(* Let $S$ be a quasi-adequate semigroup with an admissible adequate transversal $S^0$. Then for all $x,y\in S$, $\overline{xy}=\overline{\overline{x}f_xe_y\overline{y}}$.
   Context: For a semigroup $S$, $S^1$ is $S$ with an identity adjoined, $\mathcal{L},\mathcal{R}$ Green's relations. $\mathcal{R}^\ast=\{(a,b):\forall x,y\in S^1,\ xa=ya\iff xb=yb\}$, $\mathcal{L}^\ast=\{(a,b):\forall x,y\in S^1,\ ax=ay\iff bx=by\}$. $S$ is abundant if each $\mathcal{R}^\ast$- and $\mathcal{L}^\ast$-class contains an idempotent; adequate if also idempotents commute (then $a^+$, $a^\ast$ are the unique idempotents $\mathcal{R}^\ast$-, resp. $\mathcal{L}^\ast$-related to $a$). Quasi-adequate: abundant with idempotents forming a subsemigroup. An abundant subsemigroup $U$ of abundant $S$ is a $\ast$-subsemigroup if $\mathcal{L}^\ast(U)=\mathcal{L}^\ast(S)\cap(U\times U)$, $\mathcal{R}^\ast(U)=\mathcal{R}^\ast(S)\cap(U\times U)$. An adequate $\ast$-subsemigroup $S^0$ of abundant $S$ is an adequate transversal if each $x\in S$ has a unique $\overline{x}\in S^0$ and idempotents $e,f$ of $S$ (then unique, written $e_x,f_x$) with $x=e\overline{x}f$, $e\,\mathcal{L}\,\overline{x}^+$, $f\,\mathcal{R}\,\overline{x}^\ast$. It is admissible if $\overline{xy}=\overline{x}\,\overline{y}$ for all $x,y\in S$. *)

theory Defs
  imports Main
begin

text \<open>The semigroup S is the whole type 'a (class semigroup_mult). Subsemigroups are
  carrier sets U. Elements of U^1 are represented as 'a option, None being the
  adjoined identity.\<close>

definition ones :: "'a set \<Rightarrow> 'a option set" where
  "ones U = insert None (Some ` U)"

fun lmul1 :: "'a::semigroup_mult option \<Rightarrow> 'a \<Rightarrow> 'a" where
  "lmul1 None a = a"
| "lmul1 (Some x) a = x * a"

fun rmul1 :: "'a::semigroup_mult \<Rightarrow> 'a option \<Rightarrow> 'a" where
  "rmul1 a None = a"
| "rmul1 a (Some x) = a * x"

definition idem :: "'a::semigroup_mult \<Rightarrow> bool" where
  "idem e \<longleftrightarrow> e * e = e"

definition subsemigroup :: "'a::semigroup_mult set \<Rightarrow> bool" where
  "subsemigroup U \<longleftrightarrow> (\<forall>a\<in>U. \<forall>b\<in>U. a * b \<in> U)"

definition greenL :: "'a::semigroup_mult set \<Rightarrow> 'a \<Rightarrow> 'a \<Rightarrow> bool" where
  "greenL U a b \<longleftrightarrow> a \<in> U \<and> b \<in> U \<and>
     (\<exists>x\<in>ones U. lmul1 x a = b) \<and> (\<exists>y\<in>ones U. lmul1 y b = a)"

definition greenR :: "'a::semigroup_mult set \<Rightarrow> 'a \<Rightarrow> 'a \<Rightarrow> bool" where
  "greenR U a b \<longleftrightarrow> a \<in> U \<and> b \<in> U \<and>
     (\<exists>x\<in>ones U. rmul1 a x = b) \<and> (\<exists>y\<in>ones U. rmul1 b y = a)"

definition rstar :: "'a::semigroup_mult set \<Rightarrow> 'a \<Rightarrow> 'a \<Rightarrow> bool" where
  "rstar U a b \<longleftrightarrow> a \<in> U \<and> b \<in> U \<and>
     (\<forall>x\<in>ones U. \<forall>y\<in>ones U. lmul1 x a = lmul1 y a \<longleftrightarrow> lmul1 x b = lmul1 y b)"

definition lstar :: "'a::semigroup_mult set \<Rightarrow> 'a \<Rightarrow> 'a \<Rightarrow> bool" where
  "lstar U a b \<longleftrightarrow> a \<in> U \<and> b \<in> U \<and>
     (\<forall>x\<in>ones U. \<forall>y\<in>ones U. rmul1 a x = rmul1 a y \<longleftrightarrow> rmul1 b x = rmul1 b y)"

definition abundant :: "'a::semigroup_mult set \<Rightarrow> bool" where
  "abundant U \<longleftrightarrow> subsemigroup U \<and>
     (\<forall>a\<in>U. \<exists>e\<in>U. idem e \<and> rstar U a e) \<and>
     (\<forall>a\<in>U. \<exists>e\<in>U. idem e \<and> lstar U a e)"

definition adequate :: "'a::semigroup_mult set \<Rightarrow> bool" where
  "adequate U \<longleftrightarrow> abundant U \<and>
     (\<forall>e\<in>U. \<forall>f\<in>U. idem e \<and> idem f \<longrightarrow> e * f = f * e)"

definition quasi_adequate :: "'a::semigroup_mult set \<Rightarrow> bool" where
  "quasi_adequate U \<longleftrightarrow> abundant U \<and>
     (\<forall>e\<in>U. \<forall>f\<in>U. idem e \<and> idem f \<longrightarrow> idem (e * f))"

definition aplus :: "'a::semigroup_mult set \<Rightarrow> 'a \<Rightarrow> 'a" where
  "aplus U a = (THE e. e \<in> U \<and> idem e \<and> rstar U a e)"

definition astar :: "'a::semigroup_mult set \<Rightarrow> 'a \<Rightarrow> 'a" where
  "astar U a = (THE e. e \<in> U \<and> idem e \<and> lstar U a e)"

definition star_subsemigroup :: "'a::semigroup_mult set \<Rightarrow> 'a set \<Rightarrow> bool" where
  "star_subsemigroup S U \<longleftrightarrow> U \<subseteq> S \<and> abundant U \<and>
     (\<forall>a\<in>U. \<forall>b\<in>U. lstar U a b \<longleftrightarrow> lstar S a b) \<and>
     (\<forall>a\<in>U. \<forall>b\<in>U. rstar U a b \<longleftrightarrow> rstar S a b)"

definition decomp :: "'a::semigroup_mult set \<Rightarrow> 'a \<Rightarrow> 'a \<Rightarrow> 'a \<Rightarrow> 'a \<Rightarrow> bool" where
  "decomp S0 x t e f \<longleftrightarrow> t \<in> S0 \<and> idem e \<and> idem f \<and> x = e * t * f \<and>
     greenL UNIV e (aplus S0 t) \<and> greenR UNIV f (astar S0 t)"

definition adequate_transversal :: "'a::semigroup_mult set \<Rightarrow> bool" where
  "adequate_transversal S0 \<longleftrightarrow> abundant (UNIV :: 'a set) \<and> adequate S0 \<and>
     star_subsemigroup UNIV S0 \<and>
     (\<forall>x. \<exists>!t. \<exists>e f. decomp S0 x t e f)"

definition bar :: "'a::semigroup_mult set \<Rightarrow> 'a \<Rightarrow> 'a" where
  "bar S0 x = (THE t. \<exists>e f. decomp S0 x t e f)"

definition e_of :: "'a::semigroup_mult set \<Rightarrow> 'a \<Rightarrow> 'a" where
  "e_of S0 x = (THE e. \<exists>f. decomp S0 x (bar S0 x) e f)"

definition f_of :: "'a::semigroup_mult set \<Rightarrow> 'a \<Rightarrow> 'a" where
  "f_of S0 x = (THE f. \<exists>e. decomp S0 x (bar S0 x) e f)"

definition admissible :: "'a::semigroup_mult set \<Rightarrow> bool" where
  "admissible S0 \<longleftrightarrow> (\<forall>x y. bar S0 (x * y) = bar S0 x * bar S0 y)"

end

theory Submission
  imports Defs
begin

text \<open>Admissibility makes \<open>bar\<close> a homomorphism fixing \<open>S\<^sup>0\<close>, so the right-hand side equals
  \<open>x\<^sup>- \<cdot> bar f\<^sub>x \<cdot> bar e\<^sub>y \<cdot> y\<^sup>-\<close>. Since \<open>f\<^sub>x \<R> (x\<^sup>-)\<^sup>*\<close>, the image \<open>bar f\<^sub>x\<close> is an idempotent of
  \<open>S\<^sup>0\<close> that absorbs \<open>(x\<^sup>-)\<^sup>*\<close> in the pattern of an \<open>\<L>\<close>-class; idempotents of the adequate
  \<open>S\<^sup>0\<close> commute, so \<open>bar f\<^sub>x = (x\<^sup>-)\<^sup>*\<close>, and dually \<open>bar e\<^sub>y = (y\<^sup>-)\<^sup>+\<close>. Hence the right-hand
  side is \<open>x\<^sup>- (x\<^sup>-)\<^sup>* (y\<^sup>-)\<^sup>+ y\<^sup>- = x\<^sup>- y\<^sup>- = bar (x y)\<close>. To know that \<open>e_of\<close> and \<open>f_of\<close> really
  give a decomposition one needs that \<open>e\<^sub>x\<close>, \<open>f\<^sub>x\<close> are unique: both are \<open>\<R>\<^sup>*\<close>- resp.
  \<open>\<L>\<^sup>*\<close>-related to \<open>x\<close> in \<open>S\<close>, and two idempotents in one \<open>\<R>\<^sup>*\<close>-class and one \<open>\<L>\<close>-class
  coincide.\<close>

lemma lmul1_mult_assoc: "lmul1 u a * b = lmul1 u (a * b)"
  by (cases u) (simp_all add: mult.assoc)

lemma rmul1_mult_assoc: "a * rmul1 b u = rmul1 (a * b) u"
  by (cases u) (simp_all add: mult.assoc)

lemma ones_UNIV: "ones UNIV = UNIV"
  by (auto simp: ones_def) (metis not_None_eq rangeI)

lemma rstar_UNIV_iff:
  "rstar UNIV a b \<longleftrightarrow> (\<forall>x y. lmul1 x a = lmul1 y a \<longleftrightarrow> lmul1 x b = lmul1 y b)"
  by (simp add: rstar_def ones_UNIV)

lemma lstar_UNIV_iff:
  "lstar UNIV a b \<longleftrightarrow> (\<forall>x y. rmul1 a x = rmul1 a y \<longleftrightarrow> rmul1 b x = rmul1 b y)"
  by (simp add: lstar_def ones_UNIV)

lemma rstar_sym: "rstar U a b \<Longrightarrow> rstar U b a"
  unfolding rstar_def by blast

lemma rstar_trans: "rstar U a b \<Longrightarrow> rstar U b c \<Longrightarrow> rstar U a c"
  unfolding rstar_def by blast

lemma lstar_sym: "lstar U a b \<Longrightarrow> lstar U b a"
  unfolding lstar_def by blast

lemma lstar_trans: "lstar U a b \<Longrightarrow> lstar U b c \<Longrightarrow> lstar U a c"
  unfolding lstar_def by blast

lemma rstar_left_identity: "rstar U a b \<Longrightarrow> x \<in> U \<Longrightarrow> x * a = a \<longleftrightarrow> x * b = b"
  unfolding rstar_def ones_def by (metis image_eqI insertCI lmul1.simps)

lemma lstar_right_identity: "lstar U a b \<Longrightarrow> x \<in> U \<Longrightarrow> a * x = a \<longleftrightarrow> b * x = b"
  unfolding lstar_def ones_def by (metis image_eqI insertCI rmul1.simps)

lemma rstar_idem_absorb: "rstar U e e' \<Longrightarrow> e \<in> U \<Longrightarrow> idem e \<Longrightarrow> e * e' = e'"
  using rstar_left_identity[of U e e' e] by (simp add: idem_def)

lemma lstar_idem_absorb: "lstar U e e' \<Longrightarrow> e \<in> U \<Longrightarrow> idem e \<Longrightarrow> e' * e = e'"
  using lstar_right_identity[of U e e' e] by (simp add: idem_def)

lemma rstar_UNIV_mult_left: "rstar UNIV a b \<Longrightarrow> rstar UNIV (c * a) (c * b)"
  unfolding rstar_UNIV_iff by (metis lmul1.simps(2) lmul1_mult_assoc)

lemma lstar_UNIV_mult_right: "lstar UNIV a b \<Longrightarrow> lstar UNIV (a * c) (b * c)"
  unfolding lstar_UNIV_iff by (metis rmul1.simps(2) rmul1_mult_assoc)

lemma rstar_UNIV_if_right_mult:
  assumes "a = b * u" and "b = a * v"
  shows "rstar UNIV a b"
  unfolding rstar_UNIV_iff
proof (intro allI iffI)
  fix x y
  show "lmul1 x b = lmul1 y b" if "lmul1 x a = lmul1 y a"
    using arg_cong[OF that, of "\<lambda>z. z * v"] assms(2) by (simp add: lmul1_mult_assoc)
  show "lmul1 x a = lmul1 y a" if "lmul1 x b = lmul1 y b"
    using arg_cong[OF that, of "\<lambda>z. z * u"] assms(1) by (simp add: lmul1_mult_assoc)
qed

lemma lstar_UNIV_if_left_mult:
  assumes "a = u * b" and "b = v * a"
  shows "lstar UNIV a b"
  unfolding lstar_UNIV_iff
proof (intro allI iffI)
  fix x y
  show "rmul1 b x = rmul1 b y" if "rmul1 a x = rmul1 a y"
    using arg_cong[OF that, of "\<lambda>z. v * z"] assms(2) by (simp add: rmul1_mult_assoc)
  show "rmul1 a x = rmul1 a y" if "rmul1 b x = rmul1 b y"
    using arg_cong[OF that, of "\<lambda>z. u * z"] assms(1) by (simp add: rmul1_mult_assoc)
qed

lemma greenL_idem_absorb:
  assumes "greenL U e p" and "idem e" and "idem p"
  shows "e * p = e" and "p * e = p"
proof -
  obtain u v where u: "lmul1 u e = p" and v: "lmul1 v p = e"
    using assms(1) unfolding greenL_def by blast
  show "e * p = e" using v assms(3) lmul1_mult_assoc[of v p p] by (simp add: idem_def)
  show "p * e = p" using u assms(2) lmul1_mult_assoc[of u e e] by (simp add: idem_def)
qed

lemma greenR_idem_absorb:
  assumes "greenR U f q" and "idem f" and "idem q"
  shows "q * f = f" and "f * q = q"
proof -
  obtain u v where u: "rmul1 f u = q" and v: "rmul1 q v = f"
    using assms(1) unfolding greenR_def by blast
  show "q * f = f" using v assms(3) rmul1_mult_assoc[of q q v] by (simp add: idem_def)
  show "f * q = q" using u assms(2) rmul1_mult_assoc[of f f u] by (simp add: idem_def)
qed

lemma adequate_idem_commute:
  "adequate U \<Longrightarrow> e \<in> U \<Longrightarrow> f \<in> U \<Longrightarrow> idem e \<Longrightarrow> idem f \<Longrightarrow> e * f = f * e"
  unfolding adequate_def by blast

lemma adequate_rstar_idem_eq:
  assumes "adequate U" "e \<in> U" "e' \<in> U" "idem e" "idem e'" "rstar U e e'"
  shows "e = e'"
proof -
  have "e' * e = e" using rstar_idem_absorb[OF rstar_sym[OF assms(6)]] assms by blast
  moreover have "e * e' = e'" using rstar_idem_absorb[OF assms(6)] assms by blast
  ultimately show ?thesis using adequate_idem_commute[OF assms(1-5)] by simp
qed

lemma adequate_lstar_idem_eq:
  assumes "adequate U" "e \<in> U" "e' \<in> U" "idem e" "idem e'" "lstar U e e'"
  shows "e = e'"
proof -
  have "e * e' = e" using lstar_idem_absorb[OF lstar_sym[OF assms(6)]] assms by blast
  moreover have "e' * e = e'" using lstar_idem_absorb[OF assms(6)] assms by blast
  ultimately show ?thesis using adequate_idem_commute[OF assms(1-5)] by simp
qed

lemma aplus_props:
  assumes "adequate U" and "a \<in> U"
  shows "aplus U a \<in> U" "idem (aplus U a)" "rstar U a (aplus U a)"
proof -
  obtain e where e: "e \<in> U" "idem e" "rstar U a e"
    using assms unfolding adequate_def abundant_def by blast
  have "aplus U a = e"
    unfolding aplus_def
  proof (rule the_equality)
    show "e' = e" if "e' \<in> U \<and> idem e' \<and> rstar U a e'" for e'
      using that e assms(1) by (metis adequate_rstar_idem_eq rstar_sym rstar_trans)
  qed (use e in blast)
  with e show "aplus U a \<in> U" "idem (aplus U a)" "rstar U a (aplus U a)" by simp_all
qed

lemma astar_props:
  assumes "adequate U" and "a \<in> U"
  shows "astar U a \<in> U" "idem (astar U a)" "lstar U a (astar U a)"
proof -
  obtain e where e: "e \<in> U" "idem e" "lstar U a e"
    using assms unfolding adequate_def abundant_def by blast
  have "astar U a = e"
    unfolding astar_def
  proof (rule the_equality)
    show "e' = e" if "e' \<in> U \<and> idem e' \<and> lstar U a e'" for e'
      using that e assms(1) by (metis adequate_lstar_idem_eq lstar_sym lstar_trans)
  qed (use e in blast)
  with e show "astar U a \<in> U" "idem (astar U a)" "lstar U a (astar U a)" by simp_all
qed

lemma aplus_mult_self: "adequate U \<Longrightarrow> a \<in> U \<Longrightarrow> aplus U a * a = a"
  using aplus_props rstar_left_identity[OF rstar_sym] by (metis idem_def)

lemma astar_mult_self: "adequate U \<Longrightarrow> a \<in> U \<Longrightarrow> a * astar U a = a"
  using astar_props lstar_right_identity[OF lstar_sym] by (metis idem_def)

-- Task item --
Copy out each line of the data above, exactly, if it lies between the line holding "an idempotent of" and the line holding "Hence the right-hand", inclusive; copy no other line.

-- Solved problem --
  \<open>x\<^sup>- \<cdot> bar f\<^sub>x \<cdot> bar e\<^sub>y \<cdot> y\<^sup>-\<close>. Since \<open>f\<^sub>x \<R> (x\<^sup>-)\<^sup>*\<close>, the image \<open>bar f\<^sub>x\<close> is an idempotent of
  \<open>S\<^sup>0\<close> that absorbs \<open>(x\<^sup>-)\<^sup>*\<close> in the pattern of an \<open>\<L>\<close>-class; idempotents of the adequate
  \<open>S\<^sup>0\<close> commute, so \<open>bar f\<^sub>x = (x\<^sup>-)\<^sup>*\<close>, and dually \<open>bar e\<^sub>y = (y\<^sup>-)\<^sup>+\<close>. Hence the right-hand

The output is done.